** Provided data follows **
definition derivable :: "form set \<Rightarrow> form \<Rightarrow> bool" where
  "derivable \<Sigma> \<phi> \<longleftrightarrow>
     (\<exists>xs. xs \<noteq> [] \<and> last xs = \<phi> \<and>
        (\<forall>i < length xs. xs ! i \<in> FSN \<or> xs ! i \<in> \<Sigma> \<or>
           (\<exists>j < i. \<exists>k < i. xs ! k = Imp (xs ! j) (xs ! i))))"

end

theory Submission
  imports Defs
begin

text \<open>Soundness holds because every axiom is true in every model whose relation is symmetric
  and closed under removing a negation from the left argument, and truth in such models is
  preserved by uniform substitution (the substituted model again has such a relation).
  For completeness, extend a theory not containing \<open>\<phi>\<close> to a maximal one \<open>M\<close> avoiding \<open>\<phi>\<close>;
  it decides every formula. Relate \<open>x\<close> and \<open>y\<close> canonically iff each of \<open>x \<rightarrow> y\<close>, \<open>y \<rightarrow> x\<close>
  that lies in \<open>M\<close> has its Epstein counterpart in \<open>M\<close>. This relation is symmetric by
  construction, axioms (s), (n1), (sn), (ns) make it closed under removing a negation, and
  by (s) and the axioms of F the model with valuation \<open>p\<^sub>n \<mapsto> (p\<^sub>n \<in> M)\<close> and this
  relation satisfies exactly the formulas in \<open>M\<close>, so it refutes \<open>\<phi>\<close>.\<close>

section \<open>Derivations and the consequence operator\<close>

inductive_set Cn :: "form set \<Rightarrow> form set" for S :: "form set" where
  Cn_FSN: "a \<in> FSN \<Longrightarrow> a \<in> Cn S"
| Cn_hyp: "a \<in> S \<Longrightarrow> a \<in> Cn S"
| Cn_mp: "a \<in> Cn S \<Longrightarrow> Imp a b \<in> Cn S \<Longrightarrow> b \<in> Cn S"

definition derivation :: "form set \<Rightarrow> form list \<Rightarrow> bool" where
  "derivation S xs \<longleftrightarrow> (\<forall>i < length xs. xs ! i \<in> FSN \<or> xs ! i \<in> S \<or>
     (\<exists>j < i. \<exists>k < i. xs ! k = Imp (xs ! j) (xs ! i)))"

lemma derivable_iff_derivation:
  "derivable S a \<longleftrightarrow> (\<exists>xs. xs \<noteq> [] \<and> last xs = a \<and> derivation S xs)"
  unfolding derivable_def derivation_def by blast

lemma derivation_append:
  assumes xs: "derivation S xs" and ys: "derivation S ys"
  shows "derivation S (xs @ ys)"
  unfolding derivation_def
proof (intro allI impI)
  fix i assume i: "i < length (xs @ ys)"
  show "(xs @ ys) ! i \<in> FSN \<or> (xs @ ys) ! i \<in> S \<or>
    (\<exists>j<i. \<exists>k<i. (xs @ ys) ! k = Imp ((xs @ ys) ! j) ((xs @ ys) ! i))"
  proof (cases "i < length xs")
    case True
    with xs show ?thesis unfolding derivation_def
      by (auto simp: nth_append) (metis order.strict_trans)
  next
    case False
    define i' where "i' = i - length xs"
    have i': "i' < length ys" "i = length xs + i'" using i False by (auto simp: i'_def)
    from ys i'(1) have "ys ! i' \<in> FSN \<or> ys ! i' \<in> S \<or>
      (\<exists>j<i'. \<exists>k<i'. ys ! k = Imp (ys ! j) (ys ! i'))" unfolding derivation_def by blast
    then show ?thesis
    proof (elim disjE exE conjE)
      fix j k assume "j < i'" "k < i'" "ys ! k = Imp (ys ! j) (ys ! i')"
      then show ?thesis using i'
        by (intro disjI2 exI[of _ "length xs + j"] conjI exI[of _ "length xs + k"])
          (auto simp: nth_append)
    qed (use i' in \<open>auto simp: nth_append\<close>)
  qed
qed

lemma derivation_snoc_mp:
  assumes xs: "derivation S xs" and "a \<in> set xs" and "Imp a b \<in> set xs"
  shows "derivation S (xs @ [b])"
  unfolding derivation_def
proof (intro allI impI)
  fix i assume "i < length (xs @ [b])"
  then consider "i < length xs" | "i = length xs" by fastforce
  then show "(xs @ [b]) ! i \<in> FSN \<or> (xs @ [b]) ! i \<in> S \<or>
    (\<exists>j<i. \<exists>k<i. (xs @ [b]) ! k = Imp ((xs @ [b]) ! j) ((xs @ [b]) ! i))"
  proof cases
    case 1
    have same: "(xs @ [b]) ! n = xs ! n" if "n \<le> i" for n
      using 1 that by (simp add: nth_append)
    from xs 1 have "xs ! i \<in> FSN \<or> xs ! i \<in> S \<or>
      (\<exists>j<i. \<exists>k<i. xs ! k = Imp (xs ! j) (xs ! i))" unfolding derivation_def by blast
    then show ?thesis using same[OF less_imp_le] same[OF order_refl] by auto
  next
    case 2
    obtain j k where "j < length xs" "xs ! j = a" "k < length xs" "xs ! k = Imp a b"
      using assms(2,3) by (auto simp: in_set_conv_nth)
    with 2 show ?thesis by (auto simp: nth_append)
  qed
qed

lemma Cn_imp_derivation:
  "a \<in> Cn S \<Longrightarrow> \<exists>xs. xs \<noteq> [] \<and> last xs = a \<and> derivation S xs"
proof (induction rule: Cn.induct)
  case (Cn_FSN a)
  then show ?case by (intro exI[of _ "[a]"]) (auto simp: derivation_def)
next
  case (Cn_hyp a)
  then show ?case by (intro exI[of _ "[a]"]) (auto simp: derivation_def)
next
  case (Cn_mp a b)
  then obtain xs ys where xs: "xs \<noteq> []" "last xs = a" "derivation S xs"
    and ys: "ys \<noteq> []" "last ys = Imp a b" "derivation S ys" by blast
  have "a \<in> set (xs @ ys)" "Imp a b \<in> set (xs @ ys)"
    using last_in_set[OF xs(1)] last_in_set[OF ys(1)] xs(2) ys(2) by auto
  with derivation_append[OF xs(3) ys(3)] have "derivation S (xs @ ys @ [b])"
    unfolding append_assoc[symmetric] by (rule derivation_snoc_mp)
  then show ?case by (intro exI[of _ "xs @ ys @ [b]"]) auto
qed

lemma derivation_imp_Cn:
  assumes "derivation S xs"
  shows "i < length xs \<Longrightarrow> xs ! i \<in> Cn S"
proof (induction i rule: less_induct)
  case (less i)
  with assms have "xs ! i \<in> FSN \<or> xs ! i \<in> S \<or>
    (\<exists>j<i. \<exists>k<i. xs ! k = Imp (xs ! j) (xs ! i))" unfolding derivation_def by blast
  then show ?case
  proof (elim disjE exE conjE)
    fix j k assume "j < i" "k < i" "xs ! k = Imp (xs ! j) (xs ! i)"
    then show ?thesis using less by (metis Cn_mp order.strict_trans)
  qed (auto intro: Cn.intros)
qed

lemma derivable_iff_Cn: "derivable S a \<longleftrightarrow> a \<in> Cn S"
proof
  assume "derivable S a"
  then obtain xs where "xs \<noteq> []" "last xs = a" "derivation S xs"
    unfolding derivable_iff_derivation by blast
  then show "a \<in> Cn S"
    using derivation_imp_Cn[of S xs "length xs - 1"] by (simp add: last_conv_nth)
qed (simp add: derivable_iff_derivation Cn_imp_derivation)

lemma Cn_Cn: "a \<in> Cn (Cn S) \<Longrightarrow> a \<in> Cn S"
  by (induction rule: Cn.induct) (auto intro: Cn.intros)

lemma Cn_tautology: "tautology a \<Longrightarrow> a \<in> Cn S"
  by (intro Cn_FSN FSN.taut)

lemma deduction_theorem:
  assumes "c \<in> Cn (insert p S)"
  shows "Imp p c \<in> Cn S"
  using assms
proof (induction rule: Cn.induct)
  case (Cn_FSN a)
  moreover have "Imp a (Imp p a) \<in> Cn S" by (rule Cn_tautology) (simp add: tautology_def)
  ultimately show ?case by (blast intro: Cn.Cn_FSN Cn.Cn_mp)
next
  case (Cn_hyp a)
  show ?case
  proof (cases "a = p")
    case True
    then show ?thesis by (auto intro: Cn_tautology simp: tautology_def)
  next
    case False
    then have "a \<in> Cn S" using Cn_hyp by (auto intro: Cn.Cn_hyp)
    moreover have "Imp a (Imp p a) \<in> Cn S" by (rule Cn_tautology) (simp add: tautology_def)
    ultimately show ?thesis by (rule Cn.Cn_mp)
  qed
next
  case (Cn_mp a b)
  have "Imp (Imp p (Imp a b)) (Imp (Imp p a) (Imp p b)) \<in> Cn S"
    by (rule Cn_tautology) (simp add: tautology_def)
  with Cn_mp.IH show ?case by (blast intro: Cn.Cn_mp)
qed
** End of Provided data **
▸ Exercise description
Please count how many lines of the listing include the word "definition", giving the number by itself.

▸ Reply to the exercise
2